This ecological investigation of gastropods focused on identifying environmental and biotic factors significantly affecting the occurrence and abundance of freshwater snail intermediate hosts in the Ethiopian Rift Valley. This study revealed that the habitat preference of freshwater snail species depends on physico-chemical water quality parameters, physical characteristics of habitat, biological factors and anthropogenic activities.
Regression analysis between physico-chemical water quality parameters and the occurrence and abundance of snail species showed that B. pfeifferi, B. sudanica, L. truncatula and Bu. globosus were abundant at sites with a relatively higher water temperature. This might be due to the fact that a higher temperature increases the food availability . Higher temperature also crucially increases the snail metabolic rate and therefore increases the size of the snail population by reducing the duration of the development periods [35, 63]. On the other hand, L. truncatula showed an opposite trend and less likely occurred at higher temperatures in this study. This could be due to the species being more sensitive to thermal stress compared to the other species . Previous studies pointed out that water temperature is one of the important factors determining the occurrence and abundance of snail species [26, 62, 64, 65]. This study revealed that B. pfeifferi, B. sudanica and L. natalensis were more abundant at sites with a low dissolved oxygen. Biomphalaria pfeifferi was more abundant at sites with a high chemical oxygen demand, whereas it was less likely to occur and less abundant at sites with a high turbidity. A positive correlation of snail species to low values of dissolved oxygen and chemical oxygen demand could be explained by the ability of snail species to occupy water bodies with a high content in organic matter . Outputs of the models indicated that B. sudanica, L. natalensis and Bu. globosus were abundant at a high water alkalinity, whereas B. sudanica and Bu. globosus were less abundant at sites with a high chloride concentration. Our findings match with the results of the study by Oloyede et al. , who recorded high abundance of snails in alkaline water. Calcium and magnesium concentrations were also identified as important factors significantly affecting the occurrence and abundance of L. truncatula. The ratio of calcium to magnesium is important for calcium uptake for the development of snail shells [67, 68]. A higher nitrate concentration is an indication of eutrophication and thus favours the occurrence of the snails .
Previous studies reported that water depth was an important ecological factor determining the distribution of snail species [33, 35, 67]. Similarly, in our study, we found a positive relationship between water depth and the occurrence of both B. pfeifferi and Bu. globosus and a negative relationship between water depth and the occurrence of L. truncatula.

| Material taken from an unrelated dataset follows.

(* Let $p,q\ge 0$ be integers and let $\lambda=(p+1,1^{q})$ be the hook partition (first row of length $p+1$, followed by $q$ rows of length $1$). Let $z_{-q},\dots,z_{-1},z_0,z_1,\dots,z_p\in\mathbb{C}$ with $\Re(z_k)\ge 1$ for all $-q\le k\le p$, $\Re(z_p)>1$ and $\Re(z_{-q})>1$, and let ${\pmb s}\in T(\lambda,\mathbb{C})$ be the content-parametrized tableau with first row $z_0,z_1,\dots,z_p$ and first column $z_0,z_{-1},\dots,z_{-q}$ (i.e. $s_{1,j}=z_{j-1}$ for $1\le j\le p+1$ and $s_{i,1}=z_{-(i-1)}$ for $1\le i\le q+1$). Then $$\zeta_{\lambda}({\pmb s})=\sum_{j=0}^{q}(-1)^j\,\zeta^{\star}(z_{-j},\ldots,z_{-1},z_0,z_1,\ldots,z_p)\,\zeta(z_{-j-1},\ldots,z_{-q}),$$ where $\zeta(z_{-j-1},\ldots,z_{-q})$ is interpreted as $1$ when $j=q$.
   Context: Euler–Zagier multiple zeta-function and its star variant: $\zeta(s_1,\ldots,s_r)=\sum_{0<m_1<\cdots<m_r}m_1^{-s_1}\cdots m_r^{-s_r}$ and $\zeta^{\star}(s_1,\ldots,s_r)=\sum_{0<m_1\le\cdots\le m_r}m_1^{-s_1}\cdots m_r^{-s_r}$. For a partition $\lambda$, $T(\lambda,X)$ denotes the set of fillings of the Young diagram of $\lambda$ by elements of $X$ (entry in row $i$, column $j$ denoted by the $(i,j)$ entry), and $\mathrm{SSYT}(\lambda)$ is the set of semi-standard Young tableaux $M=(m_{ij})\in T(\lambda,\mathbb{N})$, i.e. $m_{i1}\le m_{i2}\le\cdots$ along each row and $m_{1j}<m_{2j}<\cdots$ down each column. For ${\pmb s}=(s_{ij})\in T(\lambda,\mathbb{C})$ the Schur multiple zeta-function is $\zeta_\lambda({\pmb s})=\sum_{M\in\mathrm{SSYT}(\lambda)}\prod_{(i,j)\in\lambda}m_{ij}^{-s_{ij}}$ (absolutely convergent when $\Re(s_{ij})\ge1$ for all boxes and $\Re(s_{ij})>1$ at the corners of $\lambda$). The content of box $(i,j)$ is $j-i$; "content-parametrized" means $s_{ij}=z_{j-i}$. *)

theory Defs
  imports "HOL-Analysis.Analysis"
begin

On the other hand, the abundance of B. pfeifferi was positively associated to water depth. Moreover, we found that B. sudanica was abundant at sites characterized by a high canopy cover, which supplies the snails with shade and shelter . However, Bu. globosus was less abundant at sites characterized by a high canopy cover which is probably related to indirect effects of canopy cover on snails through a negative impact on the ability of sunlight to reach the bottom and decrease primary production, which represents the food supply for snails . A negative correlation between chlorophyll-a content and the abundance of both B. sudanica and L. truncatula observed in our study is in line with previous studies [69, 72, 73]. Chlorophyll-a is necessary for the productivity of plants and algae in a water body which is used as a food source for snails. However, the level of chlorophyll-a measured in this study, 14.03 μg/l, is above 10 μg/l that support high concentrations of harmful algae to aquatic organisms . The increase in presence of B. pfeifferi and the increase in abundance of B. sudanica and Bu. globosus at sites with a high macrophyte cover observed in our study, indicate that food availability and the accessibility of aquatic weeds as a suitable surface on which egg masses of snails are deposited play an important role [21, 62, 75, 76]. On the contrary, the decrease in abundance of Bu. globosus at sites with macrophyte cover could be due to the fact that a dense emergent macrophyte cover prevents oxygen which promotes growth of snails .
A positive relationship between Bu. globosus abundance and predator abundance and between L. natalensis abundance and competitor abundance observed in the present study might be due to the presence of macrophyte cover that may suppress the predation and competition activities . This finding is consistent with the earlier reports by Dejenie et al. , who reported that predator abundance was positively associated with the increasing number of aquatic invertebrates. This finding, however, contradicts that of Yigezu et al. , who found that the abundance of snails decreases as the abundance of predators increases (Tables 2, 3).
According to the survey, it was observed that the occurrence and abundance of snail species is associated with anthropogenic activities such as human settlement, farming, bathing and swimming, clothes washing, grazing, drainage of land, car washing, boating, fishing and silviculture in the study area. The increased presence and high abundance of snail species in habitats disturbed by anthropogenic activities could be due to the high concentration of organic matter and dissolved ions which are conducive for snail species [30, 34, 35, 78,79,80]. The results of the present study show that Bu. globosus was likely to occur, and more abundant, in the warm temperate rainy climate zone. However, L. truncatula frequently occurred, and was less abundant, in the warm temperate rainy climate zone compared to the tropical rainy climate zone. Differences in ecological and climatic conditions between the agro-ecological zones may be responsible for this result.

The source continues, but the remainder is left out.